- Born: 1 June 1994 (age 32) Sydney, Australia
- Education: Dubai American Academy
- Alma mater: University of Manchester
- Occupations: Entrepreneur, businessman
- Known for: Founder of Hopin

= Johnny Boufarhat =

Australian-born British entrepreneur and technology founder

Johnny Boufarhat (born 1 June 1994) is an Australian-born British entrepreneur and businessman, best known for founding the virtual events platform Hopin in 2019. He came to prominence as one of the youngest self-made billionaires in the United Kingdom, reportedly achieving billionaire status at the age of 26.

== Early life ==
Boufarhat was born in Sydney, Australia, to a Lebanese father who is a mechanical engineer, and an Armenian mother, an accountant. His family relocated to Dubai, United Arab Emirates, where he attended the Dubai American Academy.

He later moved to the United Kingdom for his university studies, enrolling at the University of Manchester where he studied mechanical engineering and graduated in 2016. At university, he was described by peers as quiet and focused on his work.

== Career ==

=== Health challenges and founding vision ===
After graduation, Boufarhat suffered from a serious allergic reaction that led to an autoimmune disorder, leaving him largely housebound for several months. During this period, he developed the idea for Hopin—an online events platform enabling people to meet, collaborate, and network virtually.

=== Launch ===
In January 2019, Boufarhat officially launched Hopin. The company began as a small remote-first team and later set up its headquarters in London.

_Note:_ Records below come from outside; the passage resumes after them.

(* Consider the DOMT construction described in the context. Let $t_0$ be the time of the last rejection, and suppose a "mini-drought" of length $k$ occurs, i.e. no hypotheses are rejected for $t\in(t_0,t_0+k]$. Assume the base procedure's threshold during the drought is governed by a monotonically decreasing sequence $\gamma_k=\Theta\!\big(\tfrac{1}{k\log^2k}\big)$ indexed by the time elapsed since the last discovery, so that at $t=t_0+k$, $\lambda_t^{\mathrm{base}}=\Theta(\gamma_k)$. Then, at $t=t_0+k$, $$\frac{\mathbb{E}[\lambda_t^{\mathrm{DOMT}}]}{\lambda_t^{\mathrm{base}}}=1+\Omega\!\left(\frac{k\log^2k}{\sqrt{t_0+k}}\right),$$ and if the drought is macroscopic, $k=\Theta(t)$, this relative advantage diverges at rate $\Omega(\sqrt t\,\log^2t)$.
   Context: A base online testing procedure produces thresholds $\lambda_t^{\mathrm{base}}\in[0,1]$ from its own (virtual) history. DOMT with exploration coefficient $\kappa>0$ and level $\alpha\in(0,1)$: let $Z_t$ be i.i.d. $\mathrm{Uniform}[0,1]$ independent of everything else, $\xi_t=\frac{\kappa\alpha}{\sqrt t}Z_t$ (so $\xi_t\sim\mathrm{Uniform}[0,\kappa\alpha/\sqrt t]$), and the DOMT threshold is $\lambda_t^{\mathrm{DOMT}}=\lambda_t^{\mathrm{base}}+\xi_t$ (clipped at $1$), where the base procedure's state is updated only using its own unperturbed decisions $\mathbf{1}\{p_t\le\lambda_t^{\mathrm{base}}\}$. *)

theory Defs
  imports "HOL-Probability.Probability" "HOL-Library.Landau_Symbols"
begin

definition domt_threshold :: "real \<Rightarrow> real \<Rightarrow> nat \<Rightarrow> real \<Rightarrow> real \<Rightarrow> real" where
  "domt_threshold \<kappa> \<alpha> t b z = min (b + \<kappa> * \<alpha> / sqrt (real t) * z) 1"

text \<open>Expectation of the DOMT threshold over Z ~ Uniform[0,1] (independent of the
  history, so the base threshold b is held fixed).\<close>
definition expected_domt :: "real \<Rightarrow> real \<Rightarrow> nat \<Rightarrow> real \<Rightarrow> real" where
  "expected_domt \<kappa> \<alpha> t b =
     (\<integral>z. domt_threshold \<kappa> \<alpha> t b z \<partial>(uniform_measure lborel {0..1::real}))"

end

theory Submission
  imports Defs "HOL-Real_Asymp.Real_Asymp"
begin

Although the platform experienced a surge in demand in 2020 during the COVID-19 pandemic, as companies, schools, and conferences shifted to virtual operations. The company reached a peak valuation of $7.75 billion in August 2021. According to the Financial Times, Boufarhat sold about $195 million worth of his shares in the company. By 2022, Hopin had more than 800 employees in over 45 countries.

=== Departure ===
As demand for in-person events returned post-pandemic, Hopin underwent strategic restructuring.

On 2 August 2023, Boufarhat stepped down as CEO of Hopin. He was succeeded by Josh Stein, the company's chief financial officer.

== Personal life ==
Boufarhat keeps a low public profile. He has spoken about following a carnivore diet, which he credits with helping manage his autoimmune condition. In 2021, Boufarhat resided in Barcelona. In 2022, Boufarhat became a resident of Switzerland. As of 2023, he splits his time between London and Barcelona.

Boufarhat has been recognised in the Forbes 30 Under 30 Europe list in the technology category in 2022. He appeared in the Sunday Times Rich List in 2022 and 2023. Boufarhat's estimated net worth in 2023 was £1.714 billion.